Long distance 10 km (6.21 mi) buses are run by the SITA, Copit, CAP companies. The transit companies also accommodate travellers from the Amerigo Vespucci Airport, which is five kilometres (3.1 miles) west of the city centre, and which has scheduled services run by major European carriers such as Air France and Lufthansa.

The centre of the city is closed to through-traffic, although buses, taxis and residents with appropriate permits are allowed in. This area is commonly referred to as the ZTL (Zona Traffico Limitato), which is divided into five subsections.[citation needed] Residents of one section, therefore, will only be able to drive in their district and perhaps some surrounding ones. Cars without permits are allowed to enter after 7.30 pm, or before 7.30 am. The rules shift during the tourist-filled summers, putting more restrictions on where one can get in and out.
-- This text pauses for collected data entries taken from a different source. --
lemma sgn_arc_prod:
  assumes inc: "\<And>k. k < 2*N \<Longrightarrow> t k < t (Suc k)" and period: "t (2*N) = t 0 + 2*pi"
    and k: "k < 2*N" "t k < \<theta>" "\<theta> < t (Suc k)"
  shows "sgn (arc_prod t N \<theta>) = (-1) ^ k"
proof -
  have less: "i < j \<Longrightarrow> j \<le> 2*N \<Longrightarrow> t i < t j" for i j
    using chain_less[of "2*N" t] inc by blast
  have le: "i \<le> j \<Longrightarrow> j \<le> 2*N \<Longrightarrow> t i \<le> t j" for i j
    using chain_le[of "2*N" t] inc by blast
  have \<theta>: "t 0 < \<theta>" "\<theta> < t 0 + 2*pi"
    using k le[of 0 k] le[of "Suc k" "2*N"] period by auto
  have factor: "sgn (arc_factor (t (2*j + 1)) (t (2*j + 2)) \<theta>) = (if j = k div 2 then (-1) ^ k else 1)"
    if "j < N" for j
  proof (cases "k = 2*j + 1")
    case True
    have "t (2*j + 2) - t (2*j + 1) \<le> 2*pi"
      using le[of 0 "2*j + 1"] le[of "2*j + 2" "2*N"] period that by auto
    then show ?thesis
      using True k arc_factor_neg by simp
  next
    case False
    have "\<theta> < t (2*j + 1) \<or> t (2*j + 2) < \<theta>"
      using False k le[of "Suc k" "2*j + 1"] le[of "2*j + 2" k] that by (cases "k \<le> 2*j") auto
    moreover have "t 0 < t (2*j + 1)" "t (2*j + 1) < t (2*j + 2)" "t (2*j + 2) \<le> t 0 + 2*pi"
      using less[of 0 "2*j + 1"] less[of "2*j + 1" "2*j + 2"] le[of "2*j + 2" "2*N"] period that
      by auto
    ultimately have "arc_factor (t (2*j + 1)) (t (2*j + 2)) \<theta> > 0"
      using arc_factor_pos \<theta> by blast
    moreover have "j = k div 2 \<Longrightarrow> even k"
      using False by presburger
    ultimately show ?thesis
      by auto
  qed
  have "sgn (arc_prod t N \<theta>) = (\<Prod>j<N. if j = k div 2 then (-1) ^ k else 1)"
    unfolding arc_prod_def sgn_prod using factor by (intro prod.cong) auto
  also have "\<dots> = (-1) ^ k"
    using k by simp
  finally show ?thesis .
qed
lemma aut_subgroup_HAut: "aut_subgroup HAut"
  unfolding aut_subgroup_def using HAut_comp(1) HAut_inv(1) by auto

lemma aut_subgroup_setwise_stab:
  assumes "aut_subgroup K"
  shows "aut_subgroup (setwise_stab K D)"
  unfolding aut_subgroup_def setwise_stab_def
proof (intro conjI ballI)
  fix g h assume g: "g \<in> {g \<in> K. g ` D = D}" and h: "h \<in> {g \<in> K. g ` D = D}"
  have "(g \<circ> h) ` D = g ` h ` D"
    by (simp only: image_comp)
  with g h show "g \<circ> h \<in> {g \<in> K. g ` D = D}"
    using aut_subgroupD(3)[OF assms] by simp
  have "inv g ` D = inv g ` g ` D"
    using g by simp
  also have "\<dots> = D"
    by (rule image_inv_f_f, rule bij_is_inj, rule aut_subgroup_bij[OF assms]) (use g in simp)
  finally show "inv g \<in> {g \<in> K. g ` D = D}"
    using g aut_subgroupD(4)[OF assms] by simp
qed (use aut_subgroupD[OF assms] in auto)

lemma stab0_eq_setwise_stab: "stab0 K = setwise_stab K {{}}"
  by (auto simp: stab0_def setwise_stab_def)

lemma aut_subgroup_stab0: "aut_subgroup K \<Longrightarrow> aut_subgroup (stab0 K)"
  unfolding stab0_eq_setwise_stab by (rule aut_subgroup_setwise_stab)

lemma aut_subgroup_AutC: "aut_subgroup (AutC C)"
  unfolding AutC_def by (rule aut_subgroup_setwise_stab[OF aut_subgroup_HAut])
(* Let $n\ge5$ and define $F:(0,\infty)\to\mathbb{R}$ by $$F(\rho)=\pi n^2\int_0^\infty\frac{s^n}{(1+s^n)^2}\frac{ds}{(\rho^2+s)^2}.$$ Then the metric $F(|a|)\,da\,d\bar a$ on $\mathbb{C}^\times=\mathbb{C}\setminus\{0\}$ (which is invariant under $a\mapsto1/a$) extends to a $C^3$ Riemannian metric $\overline\gamma_n$ on the Riemann sphere $S^2=\mathbb{C}^\times\cup\{0,\infty\}$.
   Context: This metric is the pullback of the induced $L^2$ metric on the space ${\sf Rat}_n^{eq}$ of rotationally equivariant degree $n$ rational maps $W(z)=cz^n$, $c\in\mathbb{C}^\times$, under the $n$-fold covering $a\mapsto[z\mapsto(az)^n]$. *)

theory Defs
  imports "HOL-Analysis.Analysis"
begin

definition Ffac :: "nat \<Rightarrow> real \<Rightarrow> real" where
  "Ffac n \<rho> = pi * (real n)^2 *
     integral {0<..} (\<lambda>s::real. s ^ n / (1 + s ^ n)^2 / (\<rho>^2 + s)^2)"

fun iter_pd :: "complex list \<Rightarrow> (complex \<Rightarrow> real) \<Rightarrow> complex \<Rightarrow> real" where
  "iter_pd [] g = g"
| "iter_pd (v # vs) g = (\<lambda>x. deriv (\<lambda>t::real. iter_pd vs g (x + of_real t * v)) 0)"

definition Ck_on :: "nat \<Rightarrow> complex set \<Rightarrow> (complex \<Rightarrow> real) \<Rightarrow> bool" where
  "Ck_on k S g \<longleftrightarrow> open S \<and>
     (\<forall>vs v x. length vs < k \<and> set (v # vs) \<subseteq> {1, \<i>} \<and> x \<in> S \<longrightarrow>
        (\<lambda>t::real. iter_pd vs g (x + of_real t * v)) differentiable (at 0)) \<and>
     (\<forall>vs. length vs \<le> k \<and> set vs \<subseteq> {1, \<i>} \<longrightarrow> continuous_on S (iter_pd vs g))"

end

theory Submission
  imports Defs
begin
lemma finite_qwalks: "finite (qwalks n a b)"
proof -
  have "qwalks n a b \<subseteq> {w. set w \<subseteq> steps \<and> length w = n}" unfolding qwalks_def by auto
  moreover have "finite steps" by (simp add: steps_def)
  ultimately show ?thesis using finite_lists_length_eq finite_subset by blast
qed

lemma F_of_nat: "F (int n) a b = int (card (qwalks n a b))"
  by (auto simp: F_def qwalks_negative)

lemma F_negative: "m < 0 \<or> a < 0 \<or> b < 0 \<Longrightarrow> F m a b = 0"
  by (auto simp: F_def)

lemma F_0: "F 0 a b = (if a = 0 \<and> b = 0 then 1 else 0)"
proof -
  have "qwalks 0 a b = (if a = 0 \<and> b = 0 then {[]} else {})"
    by (auto simp: qwalks_def)
  then show ?thesis using F_of_nat[of 0 a b] by simp
qed

lemma qwalks_Suc:
  assumes "a \<ge> 0" "b \<ge> 0"
  shows "qwalks (Suc n) a b = (\<lambda>(s, w). w @ [s]) ` (SIGMA s:steps. qwalks n (a - fst s) (b - snd s))"
proof
  show "qwalks (Suc n) a b \<subseteq> (\<lambda>(s, w). w @ [s]) ` (SIGMA s:steps. qwalks n (a - fst s) (b - snd s))"
  proof
    fix w assume w: "w \<in> qwalks (Suc n) a b"
    then have len: "length w = Suc n" by (simp add: qwalks_def)
    then have "w \<noteq> []" by auto
    then have w_snoc: "w = butlast w @ [last w]" and "last w \<in> set w" by simp_all
    then have "last w \<in> steps" using w by (auto simp: qwalks_def)
    moreover have "butlast w \<in> qwalks n (a - fst (last w)) (b - snd (last w))"
    proof -
      have "\<And>j. j \<le> n \<Longrightarrow> take j (butlast w) = take j w"
        using len by (simp add: take_butlast)
      moreover have "sum_list (map fst w) = sum_list (map fst (butlast w)) + fst (last w)"
        "sum_list (map snd w) = sum_list (map snd (butlast w)) + snd (last w)"
        by (subst w_snoc, simp)+
      ultimately show ?thesis using w len unfolding qwalks_def
        by (auto dest: in_set_butlastD)
    qed
    ultimately show "w \<in> (\<lambda>(s, w). w @ [s]) ` (SIGMA s:steps. qwalks n (a - fst s) (b - snd s))"
      using w_snoc by (auto intro!: image_eqI[where x="(last w, butlast w)"])
  qed
next
  show "(\<lambda>(s, w). w @ [s]) ` (SIGMA s:steps. qwalks n (a - fst s) (b - snd s)) \<subseteq> qwalks (Suc n) a b"
  proof clarify
    fix s1 s2 w
    assume s: "(s1, s2) \<in> steps" and w: "w \<in> qwalks n (a - fst (s1, s2)) (b - snd (s1, s2))"
    have len: "length w = n" using w by (simp add: qwalks_def)
    have "0 \<le> sum_list (map fst (take j (w @ [(s1, s2)])))
        \<and> 0 \<le> sum_list (map snd (take j (w @ [(s1, s2)])))" if "j \<le> Suc n" for j
    proof (cases "j = Suc n")
      case True
      then show ?thesis using len w assms by (simp add: qwalks_def)
    next
      case False
      then have "take j (w @ [(s1, s2)]) = take j w" using that len by simp
      then show ?thesis using w that False by (simp add: qwalks_def)
    qed
    then show "w @ [(s1, s2)] \<in> qwalks (Suc n) a b"
      using s w len by (simp add: qwalks_def)
  qed
qed
(* Let $\alpha>0$ and let $\Lambda=\{\lambda(n)\}_{n\in\mathbb{Z}}$ be a strictly increasing sequence of real numbers such that $\lambda(n)=n+O(|n|^{-\alpha})$ as $|n|\to\infty$. Then $\Lambda$ is not a Menshov spectrum for $\mathbb{R}$.
   Context: A sequence $\Lambda=\{\lambda(k)\}_{k\in\mathbb{Z}}$ of real numbers with $\dots<\lambda(-1)<\lambda(0)<\lambda(1)<\dots$ is called a Menshov spectrum for $\mathbb{R}$ if for every measurable (complex-valued, a.e. finite) function $f$ on $\mathbb{R}$ there are coefficients $\{c(k)\}$ such that $f(t)=\sum_{k\in\mathbb{Z}}c(k)e^{i\lambda(k)t}$ almost everywhere, where convergence of the series is understood as the limit of the symmetric partial sums $\lim_{x\to\infty}\sum_{|\lambda(k)|<x}c(k)e^{i\lambda(k)t}$. *)

theory Defs
  imports "HOL-Analysis.Analysis"
begin

definition menshov_spectrum :: "(int \<Rightarrow> real) \<Rightarrow> bool" where
  "menshov_spectrum lam \<longleftrightarrow>
     (\<forall>f :: real \<Rightarrow> complex. f \<in> borel_measurable lebesgue \<longrightarrow>
        (\<exists>c :: int \<Rightarrow> complex.
           AE t in lebesgue.
             ((\<lambda>x::real. \<Sum>k\<in>{k. \<bar>lam k\<bar> < x}. c k * exp (\<i> * complex_of_real (lam k * t)))
                \<longlongrightarrow> f t) at_top))"

end

theory Submission
  imports Defs
begin

text \<open>Suppose \<open>exp s\<close> is almost everywhere the limit of the symmetric partial sums \<open>S x s\<close> of
  \<open>\<Sum> c\<^sub>k exp (i \<lambda>\<^sub>k s)\<close>, and pick \<open>t\<close> such that \<open>S x\<close> converges at every point
  \<open>t + 2\<pi>n\<close>. The second difference \<open>\<Delta>\<^sub>a g s = g (s + a) + g (s - a) - 2 g s\<close> with step
  \<open>a = 2\<pi>h\<close> only samples these points. It multiplies \<open>exp s\<close> by \<open>2 cosh a - 2\<close> and
  \<open>exp (i \<lambda> s)\<close> by \<open>2 cos (a \<lambda>) - 2\<close>, which is at most \<open>a\<^sup>2 (\<lambda> - k)\<^sup>2\<close> in modulus
  for every integer \<open>k\<close>. As \<open>S x t\<close> is bounded in \<open>x\<close> and the multipliers depend on
  \<open>|\<lambda>\<^sub>k|\<close> only, \<open>\<Delta>\<^sub>a\<^sup>J (S x) t\<close> is bounded by a constant times
  \<open>a^(2J) \<Sum> (\<lambda>\<^sub>k - k)^(2J)\<close>, a finite sum once \<open>2\<alpha>J > 1\<close>. In the limit
  \<open>(2 cosh a - 2)\<^sup>J exp t = O(a^(2J))\<close>, which is false for large \<open>h\<close>.\<close>

definition second_difference :: "real \<Rightarrow> (real \<Rightarrow> 'a::real_normed_vector) \<Rightarrow> real \<Rightarrow> 'a" where
  "second_difference a g s = g (s + a) + g (s - a) - 2 *\<^sub>R g s"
In an effort to reduce air pollution and car traffic in the city, a multi-line tram network called Tramvia is under construction. The first line began operation on 14 February 2010 and connects Florence's primary intercity railway station (Santa Maria Novella) with the southwestern suburb of Scandicci. This line is 7.4 km (4.6 mi) long and has 14 stops. The construction of a second line began on 5 November 2011, construction was stopped due to contractors' difficulties but should restart in a few months, completion is now previewed in 2017. This second line will connect Florence's airport with the city centre. A third line (from Santa Maria Novella to the Careggi area, where are the most important hospitals of Florence) has gained governmental approval, its construction will follow the second line's timeline.

Railway station

Firenze Santa Maria Novella railway station is the main national and international railway station in Florence and is used by 59 million people every year. The building, designed by Giovanni Michelucci, was built in the Italian Rationalism style and it is one of the major rationalist buildings in Italy. It is located in Piazza della Stazione, near the Fortezza da Basso (a masterpiece of the military Renaissance architecture[71]) and the Viali di Circonvallazione, and in front of the Basilica of Santa Maria Novella's apse, from which it takes its name.
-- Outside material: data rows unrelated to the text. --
(* Let $k\ge 3$ and $1\le t\le k-1$ be integers. Then there exists a $t$-intersecting family $\mathcal{F}\subset\binom{[2k-t+1]}{k}$ such that $$\bigcup_{j=0}^{k-t}\binom{[2k-2t+2]}{j}\subset\mathcal{D}(\mathcal{F}).$$
   Context: $[m]=\{1,\dots,m\}$; $\binom{S}{j}$ is the family of all $j$-element subsets of $S$. For a family $\mathcal{F}$ of sets, $\mathcal{D}(\mathcal{F})=\{F\setminus F' : F,F'\in\mathcal{F}\}$. A family $\mathcal{F}$ is $t$-intersecting if $|F\cap F'|\ge t$ for all $F,F'\in\mathcal{F}$. *)

theory Defs
  imports Main
begin

definition binom_sets :: "'a set \<Rightarrow> nat \<Rightarrow> 'a set set" where
  "binom_sets S j = {A. A \<subseteq> S \<and> card A = j}"

definition diff_family :: "'a set set \<Rightarrow> 'a set set" where
  "diff_family \<F> = {F - F' | F F'. F \<in> \<F> \<and> F' \<in> \<F>}"

definition t_intersecting :: "nat \<Rightarrow> 'a set set \<Rightarrow> bool" where
  "t_intersecting t \<F> \<longleftrightarrow> (\<forall>F\<in>\<F>. \<forall>F'\<in>\<F>. card (F \<inter> F') \<ge> t)"

end

theory Submission
  imports Defs
begin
A new high-speed rail station is under construction and is contracted to be operational by 2015. It is planned to be connected to Vespucci airport, Santa Maria Novella railway station, and to the city centre by the second line of Florence's tram system, Tramvia, which is currently under construction. The architectural firms Foster + Partners and Lancietti Passaleva Giordo and Associates designed this new rail station.

Florence Airport

Florence's "Amerigo Vespucci" is one of two main airports in the Tuscany region, the other being Galileo Galilei International Airport in Pisa.